* _Requirement_: All of the data needs to be reproduced with no alterations.

(Saved data entries)
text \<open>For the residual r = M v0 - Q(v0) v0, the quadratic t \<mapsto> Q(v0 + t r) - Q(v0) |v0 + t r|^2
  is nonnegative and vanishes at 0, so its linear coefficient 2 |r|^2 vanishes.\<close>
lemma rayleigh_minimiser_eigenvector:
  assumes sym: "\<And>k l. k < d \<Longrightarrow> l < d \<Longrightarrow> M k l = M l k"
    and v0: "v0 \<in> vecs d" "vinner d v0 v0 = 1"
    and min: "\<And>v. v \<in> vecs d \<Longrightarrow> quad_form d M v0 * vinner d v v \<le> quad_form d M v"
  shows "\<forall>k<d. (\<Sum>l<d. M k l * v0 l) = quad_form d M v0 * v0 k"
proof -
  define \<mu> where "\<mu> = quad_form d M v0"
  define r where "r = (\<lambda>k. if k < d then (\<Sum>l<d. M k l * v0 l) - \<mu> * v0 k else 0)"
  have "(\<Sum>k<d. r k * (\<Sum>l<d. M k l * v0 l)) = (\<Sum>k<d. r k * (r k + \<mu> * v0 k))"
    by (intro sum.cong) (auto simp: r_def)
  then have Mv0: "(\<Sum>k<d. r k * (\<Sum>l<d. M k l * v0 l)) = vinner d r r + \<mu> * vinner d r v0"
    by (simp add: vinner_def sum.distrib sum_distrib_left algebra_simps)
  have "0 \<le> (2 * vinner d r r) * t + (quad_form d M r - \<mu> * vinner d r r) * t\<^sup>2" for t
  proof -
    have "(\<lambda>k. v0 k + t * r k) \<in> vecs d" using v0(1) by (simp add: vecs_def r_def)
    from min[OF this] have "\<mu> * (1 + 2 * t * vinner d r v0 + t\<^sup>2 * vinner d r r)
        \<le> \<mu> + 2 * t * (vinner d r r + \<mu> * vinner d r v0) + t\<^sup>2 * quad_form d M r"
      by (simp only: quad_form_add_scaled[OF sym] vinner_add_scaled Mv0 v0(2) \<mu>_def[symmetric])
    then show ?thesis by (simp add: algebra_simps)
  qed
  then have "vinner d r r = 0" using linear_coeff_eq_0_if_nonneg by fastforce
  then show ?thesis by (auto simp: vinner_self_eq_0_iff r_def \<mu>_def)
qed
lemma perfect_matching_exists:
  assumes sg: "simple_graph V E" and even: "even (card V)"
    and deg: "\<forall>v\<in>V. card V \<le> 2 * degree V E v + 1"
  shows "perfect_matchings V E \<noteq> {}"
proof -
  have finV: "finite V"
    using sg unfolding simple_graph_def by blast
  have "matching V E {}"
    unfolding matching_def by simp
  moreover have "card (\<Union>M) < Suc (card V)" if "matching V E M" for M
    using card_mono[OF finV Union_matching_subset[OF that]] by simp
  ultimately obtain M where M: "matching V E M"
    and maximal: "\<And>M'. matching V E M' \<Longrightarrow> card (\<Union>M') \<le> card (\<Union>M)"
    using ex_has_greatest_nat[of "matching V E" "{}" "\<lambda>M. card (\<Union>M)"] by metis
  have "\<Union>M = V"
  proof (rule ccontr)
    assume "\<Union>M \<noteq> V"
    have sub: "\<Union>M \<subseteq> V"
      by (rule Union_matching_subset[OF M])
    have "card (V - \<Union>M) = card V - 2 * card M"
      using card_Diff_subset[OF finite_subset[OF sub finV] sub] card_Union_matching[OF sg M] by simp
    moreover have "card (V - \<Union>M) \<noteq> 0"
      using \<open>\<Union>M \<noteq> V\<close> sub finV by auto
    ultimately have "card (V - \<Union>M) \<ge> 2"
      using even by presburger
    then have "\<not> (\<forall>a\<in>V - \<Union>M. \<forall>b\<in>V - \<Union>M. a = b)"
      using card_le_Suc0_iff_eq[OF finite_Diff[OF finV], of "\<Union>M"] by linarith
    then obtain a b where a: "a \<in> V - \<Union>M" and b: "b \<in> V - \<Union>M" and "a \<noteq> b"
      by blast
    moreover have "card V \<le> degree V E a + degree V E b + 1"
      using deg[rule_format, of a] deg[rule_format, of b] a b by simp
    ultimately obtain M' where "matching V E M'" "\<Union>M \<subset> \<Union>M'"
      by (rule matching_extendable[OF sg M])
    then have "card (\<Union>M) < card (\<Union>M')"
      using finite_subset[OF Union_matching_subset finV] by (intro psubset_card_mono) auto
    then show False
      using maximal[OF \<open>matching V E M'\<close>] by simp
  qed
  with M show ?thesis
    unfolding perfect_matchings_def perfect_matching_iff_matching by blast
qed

* _Solution to the problem_:
text \<open>For the residual r = M v0 - Q(v0) v0, the quadratic t \<mapsto> Q(v0 + t r) - Q(v0) |v0 + t r|^2
  is nonnegative and vanishes at 0, so its linear coefficient 2 |r|^2 vanishes.\<close>
lemma rayleigh_minimiser_eigenvector:
  assumes sym: "\<And>k l. k < d \<Longrightarrow> l < d \<Longrightarrow> M k l = M l k"
    and v0: "v0 \<in> vecs d" "vinner d v0 v0 = 1"
    and min: "\<And>v. v \<in> vecs d \<Longrightarrow> quad_form d M v0 * vinner d v v \<le> quad_form d M v"
  shows "\<forall>k<d. (\<Sum>l<d. M k l * v0 l) = quad_form d M v0 * v0 k"
proof -
  define \<mu> where "\<mu> = quad_form d M v0"
  define r where "r = (\<lambda>k. if k < d then (\<Sum>l<d. M k l * v0 l) - \<mu> * v0 k else 0)"
  have "(\<Sum>k<d. r k * (\<Sum>l<d. M k l * v0 l)) = (\<Sum>k<d. r k * (r k + \<mu> * v0 k))"
    by (intro sum.cong) (auto simp: r_def)
  then have Mv0: "(\<Sum>k<d. r k * (\<Sum>l<d. M k l * v0 l)) = vinner d r r + \<mu> * vinner d r v0"
    by (simp add: vinner_def sum.distrib sum_distrib_left algebra_simps)
  have "0 \<le> (2 * vinner d r r) * t + (quad_form d M r - \<mu> * vinner d r r) * t\<^sup>2" for t
  proof -
    have "(\<lambda>k. v0 k + t * r k) \<in> vecs d" using v0(1) by (simp add: vecs_def r_def)
    from min[OF this] have "\<mu> * (1 + 2 * t * vinner d r v0 + t\<^sup>2 * vinner d r r)
        \<le> \<mu> + 2 * t * (vinner d r r + \<mu> * vinner d r v0) + t\<^sup>2 * quad_form d M r"
      by (simp only: quad_form_add_scaled[OF sym] vinner_add_scaled Mv0 v0(2) \<mu>_def[symmetric])
    then show ?thesis by (simp add: algebra_simps)
  qed
  then have "vinner d r r = 0" using linear_coeff_eq_0_if_nonneg by fastforce
  then show ?thesis by (auto simp: vinner_self_eq_0_iff r_def \<mu>_def)
qed
lemma perfect_matching_exists:
  assumes sg: "simple_graph V E" and even: "even (card V)"
    and deg: "\<forall>v\<in>V. card V \<le> 2 * degree V E v + 1"
  shows "perfect_matchings V E \<noteq> {}"
proof -
  have finV: "finite V"
    using sg unfolding simple_graph_def by blast
  have "matching V E {}"
    unfolding matching_def by simp
  moreover have "card (\<Union>M) < Suc (card V)" if "matching V E M" for M
    using card_mono[OF finV Union_matching_subset[OF that]] by simp
  ultimately obtain M where M: "matching V E M"
    and maximal: "\<And>M'. matching V E M' \<Longrightarrow> card (\<Union>M') \<le> card (\<Union>M)"
    using ex_has_greatest_nat[of "matching V E" "{}" "\<lambda>M. card (\<Union>M)"] by metis
  have "\<Union>M = V"
  proof (rule ccontr)
    assume "\<Union>M \<noteq> V"
    have sub: "\<Union>M \<subseteq> V"
      by (rule Union_matching_subset[OF M])
    have "card (V - \<Union>M) = card V - 2 * card M"
      using card_Diff_subset[OF finite_subset[OF sub finV] sub] card_Union_matching[OF sg M] by simp
    moreover have "card (V - \<Union>M) \<noteq> 0"
      using \<open>\<Union>M \<noteq> V\<close> sub finV by auto
    ultimately have "card (V - \<Union>M) \<ge> 2"
      using even by presburger
    then have "\<not> (\<forall>a\<in>V - \<Union>M. \<forall>b\<in>V - \<Union>M. a = b)"
      using card_le_Suc0_iff_eq[OF finite_Diff[OF finV], of "\<Union>M"] by linarith
    then obtain a b where a: "a \<in> V - \<Union>M" and b: "b \<in> V - \<Union>M" and "a \<noteq> b"
      by blast
    moreover have "card V \<le> degree V E a + degree V E b + 1"
      using deg[rule_format, of a] deg[rule_format, of b] a b by simp
    ultimately obtain M' where "matching V E M'" "\<Union>M \<subset> \<Union>M'"
      by (rule matching_extendable[OF sg M])
    then have "card (\<Union>M) < card (\<Union>M')"
      using finite_subset[OF Union_matching_subset finV] by (intro psubset_card_mono) auto
    then show False
      using maximal[OF \<open>matching V E M'\<close>] by simp
  qed
  with M show ?thesis
    unfolding perfect_matchings_def perfect_matching_iff_matching by blast
qed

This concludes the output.